* REQUIRED WORK *
Retype exactly the lines that run from the start of the data to the line holding "define s where", including both, and only those.

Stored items

=-=-=

lemma sum_abs_dvec_le_dnorm:
  assumes "2 \<le> p" and "2 \<le> n" and below: "\<forall>j\<in>{1..n-1}. lam j < lam 0"
  shows "(\<Sum>j\<in>{1..n-1}. \<bar>dvec lam j\<bar>) \<le> real n powr (2 / p) * dnorm n lam p"
proof (cases "p = 2")
  case True
  have "(\<Sum>j\<in>{1..n-1}. \<bar>dvec lam j\<bar>) \<le> real (card {1..n-1}) * dnorm n lam p"
    using abs_dvec_le_dnorm[OF \<open>2 \<le> p\<close>] by (intro sum_bounded_above) auto
  also have "\<dots> \<le> real n * dnorm n lam p"
  proof (rule mult_right_mono)
    have "1 \<in> {1..n-1}" using \<open>2 \<le> n\<close> by simp
    from order_trans[OF abs_ge_zero abs_dvec_le_dnorm[OF \<open>2 \<le> p\<close> this]]
    show "0 \<le> dnorm n lam p" .
  qed simp
  finally show ?thesis using True \<open>2 \<le> n\<close> by simp
next
  case False
  define q where "q = p / (p - 2)"
  have "1 \<le> q" "1 - 1 / q = 2 / p" "(p - 2) / p = 1 / q"
    unfolding q_def using \<open>2 \<le> p\<close> False by (auto simp: field_simps)
  have pos: "0 < \<bar>dvec lam j\<bar>" if "j \<in> {1..n-1}" for j
    using below that by (fastforce simp: dvec_def)
  have "(\<Sum>j\<in>{1..n-1}. \<bar>dvec lam j\<bar>)
      \<le> real (n - 1) powr (2 / p) * (\<Sum>j\<in>{1..n-1}. \<bar>dvec lam j\<bar> powr q) powr (1 / q)"
    using sum_le_card_powr_mult_sum_powr[of "{1..n-1}", OF _ _ pos \<open>1 \<le> q\<close>] \<open>2 \<le> n\<close>
      \<open>1 - 1 / q = 2 / p\<close> by simp
  also have "\<dots> \<le> real n powr (2 / p) * dnorm n lam p"
    unfolding dnorm_def using False \<open>(p - 2) / p = 1 / q\<close> \<open>2 \<le> p\<close>
    by (simp add: q_def[symmetric] mult_right_mono powr_mono2)
  finally show ?thesis .
qed

lemma assumption1_dvec_bound:
  assumes A: "assumption1 c0 n lam" and "2 \<le> n" and "1 \<le> ln (real n)"
    and below: "\<forall>j\<in>{1..n-1}. lam j < lam 0"
  shows "ln (real n) * (\<Sum>j\<in>{1..n-1}. \<bar>dvec lam j\<bar>) * \<bar>dvec lam 1\<bar> \<le> c0\<^sup>2"
proof -
  define L where "L = ln (real n)"
  define s where "s = (\<Sum>j\<in>{1..n-1}. \<bar>dvec lam j\<bar>)"
  have one: "1 \<in> {1..n-1}" using \<open>2 \<le> n\<close> by simp
  have d1_s: "\<bar>dvec lam 1\<bar> \<le> s" unfolding s_def by (rule member_le_sum[OF one]) auto
  from A consider (lp_norm) p where "2 \<le> p"
      "sqrt (p * L) * real n powr (1 / p) * dnorm n lam p \<le> c0"
    | (l1_norm) "L * s \<le> c0"
    unfolding assumption1_def L_def s_def by blast
  then show ?thesis
  proof cases
    case l1_norm
    have "0 \<le> s" "1 \<le> L" using d1_s \<open>1 \<le> ln (real n)\<close> unfolding L_def by linarith+
    then have "\<bar>dvec lam 1\<bar> \<le> s * L"
      using d1_s mult_left_mono[OF \<open>1 \<le> L\<close> \<open>0 \<le> s\<close>] by simp
    then have "L * s * \<bar>dvec lam 1\<bar> \<le> L * s * (s * L)"
      using \<open>0 \<le> s\<close> \<open>1 \<le> L\<close> by (intro mult_left_mono) auto
    also have "\<dots> = (L * s)\<^sup>2" by (simp add: power2_eq_square)
    also have "\<dots> \<le> c0\<^sup>2"
      using l1_norm \<open>0 \<le> s\<close> \<open>1 \<le> L\<close> by (intro power_mono) auto
    finally show ?thesis unfolding L_def s_def .
  next
    case (lp_norm p)
    define D where "D = dnorm n lam p"
    have D: "\<bar>dvec lam 1\<bar> \<le> D" "0 \<le> D"
      using abs_dvec_le_dnorm[OF \<open>2 \<le> p\<close> one, of lam] unfolding D_def by auto
    have "L * s * \<bar>dvec lam 1\<bar> \<le> L * (real n powr (2 / p) * D) * D"
      using sum_abs_dvec_le_dnorm[OF \<open>2 \<le> p\<close> \<open>2 \<le> n\<close> below] D \<open>1 \<le> ln (real n)\<close>
      unfolding L_def s_def D_def by (intro mult_mono) auto
    also have "\<dots> \<le> p * (L * (real n powr (2 / p) * D * D))"
    proof -
      have "0 \<le> L * (real n powr (2 / p) * D * D)"
        using \<open>0 \<le> D\<close> \<open>1 \<le> ln (real n)\<close> unfolding L_def by simp
      from mult_right_mono[OF _ this, of 1 p] \<open>2 \<le> p\<close> show ?thesis by (simp add: mult.assoc)
    qed
    also have "\<dots> = (sqrt (p * L) * real n powr (1 / p) * D)\<^sup>2"
    proof -
      have "sqrt (p * L) * sqrt (p * L) = p * L"
        using \<open>2 \<le> p\<close> \<open>1 \<le> ln (real n)\<close> unfolding L_def by simp
      moreover have "real n powr (1 / p) * real n powr (1 / p) = real n powr (2 / p)"
        by (simp add: powr_add[symmetric])
      ultimately show ?thesis by (simp add: power2_eq_square algebra_simps)
    qed
    also have "\<dots> \<le> c0\<^sup>2"
      using lp_norm \<open>0 \<le> D\<close> \<open>1 \<le> ln (real n)\<close> unfolding D_def L_def
      by (intro power_mono) auto
    finally show ?thesis unfolding L_def s_def D_def .
  qed
qed

lemma leading_eigvec_coord_ge_bounded_noise:
  assumes "2 \<le> n" and "1 \<le> ln (real n)" and "lam 1 < lam 0"
    and mono: "\<forall>i j. 1 \<le> i \<and> i \<le> j \<and> j < n \<longrightarrow> lam j \<le> lam i"
    and A: "assumption1 (1 / 20) n lam"
    and bounded: "\<forall>i<n-1. (g i)\<^sup>2 \<le> 200 * ln (real n)"
    and lead: "unit_leading_eigvec n (pert_mat lam g) u" and j: "j \<in> {1..n-1}"
  shows "\<bar>g (j - 1)\<bar> / (4 * (lam 0 - lam j)) \<le> \<bar>u j\<bar>"
proof -
  define \<delta> where "\<delta> = lam 0 - lam 1"
  have ivl: "{1..<n} = {1..n-1}" using \<open>2 \<le> n\<close> by auto
  have gap: "\<forall>k\<in>{1..<n}. \<delta> \<le> lam 0 - lam k" using mono by (auto simp: \<delta>_def)
  have "0 < \<delta>" using \<open>lam 1 < lam 0\<close> by (simp add: \<delta>_def)
  have below: "\<forall>k\<in>{1..n-1}. lam k < lam 0"
    using gap \<open>0 < \<delta>\<close> unfolding ivl by fastforce
  have "secular_sum n lam g (lam 0) \<le> (\<Sum>k\<in>{1..n-1}. 200 * ln (real n) * \<bar>dvec lam k\<bar>)"
    unfolding secular_sum_def ivl
  proof (rule sum_mono)
    fix k assume k: "k \<in> {1..n-1}"
    then have "(g (k - 1))\<^sup>2 \<le> 200 * ln (real n)" "0 < lam 0 - lam k"
      using bounded below by auto
    then show "(g (k - 1))\<^sup>2 / (lam 0 - lam k) \<le> 200 * ln (real n) * \<bar>dvec lam k\<bar>"
      by (simp add: dvec_def divide_right_mono)
  qed
  also have "\<dots> = 200 * (ln (real n) * (\<Sum>k\<in>{1..n-1}. \<bar>dvec lam k\<bar>))"
    by (simp add: sum_distrib_left mult.assoc)
  also have "\<dots> \<le> 200 * ((1 / 20)\<^sup>2 / \<bar>dvec lam 1\<bar>)"
  proof -
    have "0 < \<bar>dvec lam 1\<bar>" using \<open>lam 1 < lam 0\<close> by (simp add: dvec_def)
    with assumption1_dvec_bound[OF A \<open>2 \<le> n\<close> \<open>1 \<le> ln (real n)\<close> below]
    show ?thesis by (simp add: pos_le_divide_eq)
  qed
  also have "\<dots> \<le> \<delta>" using \<open>lam 1 < lam 0\<close> by (simp add: dvec_def \<delta>_def power2_eq_square)
  finally have small: "secular_sum n lam g (lam 0) \<le> \<delta>" .
  show ?thesis
    using leading_eigvec_coord_ge[OF _ \<open>0 < \<delta>\<close> gap small lead] j \<open>2 \<le> n\<close> ivl by auto
qed

abbreviation std_normal :: "real measure" where
  "std_normal \<equiv> density lborel std_normal_density"

lemma prob_space_std_normal: "prob_space std_normal"
  by (rule prob_space_normal_density) simp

=-=-=

* COMPLETED EXERCISE *
lemma sum_abs_dvec_le_dnorm:
  assumes "2 \<le> p" and "2 \<le> n" and below: "\<forall>j\<in>{1..n-1}. lam j < lam 0"
  shows "(\<Sum>j\<in>{1..n-1}. \<bar>dvec lam j\<bar>) \<le> real n powr (2 / p) * dnorm n lam p"
proof (cases "p = 2")
  case True
  have "(\<Sum>j\<in>{1..n-1}. \<bar>dvec lam j\<bar>) \<le> real (card {1..n-1}) * dnorm n lam p"
    using abs_dvec_le_dnorm[OF \<open>2 \<le> p\<close>] by (intro sum_bounded_above) auto
  also have "\<dots> \<le> real n * dnorm n lam p"
  proof (rule mult_right_mono)
    have "1 \<in> {1..n-1}" using \<open>2 \<le> n\<close> by simp
    from order_trans[OF abs_ge_zero abs_dvec_le_dnorm[OF \<open>2 \<le> p\<close> this]]
    show "0 \<le> dnorm n lam p" .
  qed simp
  finally show ?thesis using True \<open>2 \<le> n\<close> by simp
next
  case False
  define q where "q = p / (p - 2)"
  have "1 \<le> q" "1 - 1 / q = 2 / p" "(p - 2) / p = 1 / q"
    unfolding q_def using \<open>2 \<le> p\<close> False by (auto simp: field_simps)
  have pos: "0 < \<bar>dvec lam j\<bar>" if "j \<in> {1..n-1}" for j
    using below that by (fastforce simp: dvec_def)
  have "(\<Sum>j\<in>{1..n-1}. \<bar>dvec lam j\<bar>)
      \<le> real (n - 1) powr (2 / p) * (\<Sum>j\<in>{1..n-1}. \<bar>dvec lam j\<bar> powr q) powr (1 / q)"
    using sum_le_card_powr_mult_sum_powr[of "{1..n-1}", OF _ _ pos \<open>1 \<le> q\<close>] \<open>2 \<le> n\<close>
      \<open>1 - 1 / q = 2 / p\<close> by simp
  also have "\<dots> \<le> real n powr (2 / p) * dnorm n lam p"
    unfolding dnorm_def using False \<open>(p - 2) / p = 1 / q\<close> \<open>2 \<le> p\<close>
    by (simp add: q_def[symmetric] mult_right_mono powr_mono2)
  finally show ?thesis .
qed

lemma assumption1_dvec_bound:
  assumes A: "assumption1 c0 n lam" and "2 \<le> n" and "1 \<le> ln (real n)"
    and below: "\<forall>j\<in>{1..n-1}. lam j < lam 0"
  shows "ln (real n) * (\<Sum>j\<in>{1..n-1}. \<bar>dvec lam j\<bar>) * \<bar>dvec lam 1\<bar> \<le> c0\<^sup>2"
proof -
  define L where "L = ln (real n)"
  define s where "s = (\<Sum>j\<in>{1..n-1}. \<bar>dvec lam j\<bar>)"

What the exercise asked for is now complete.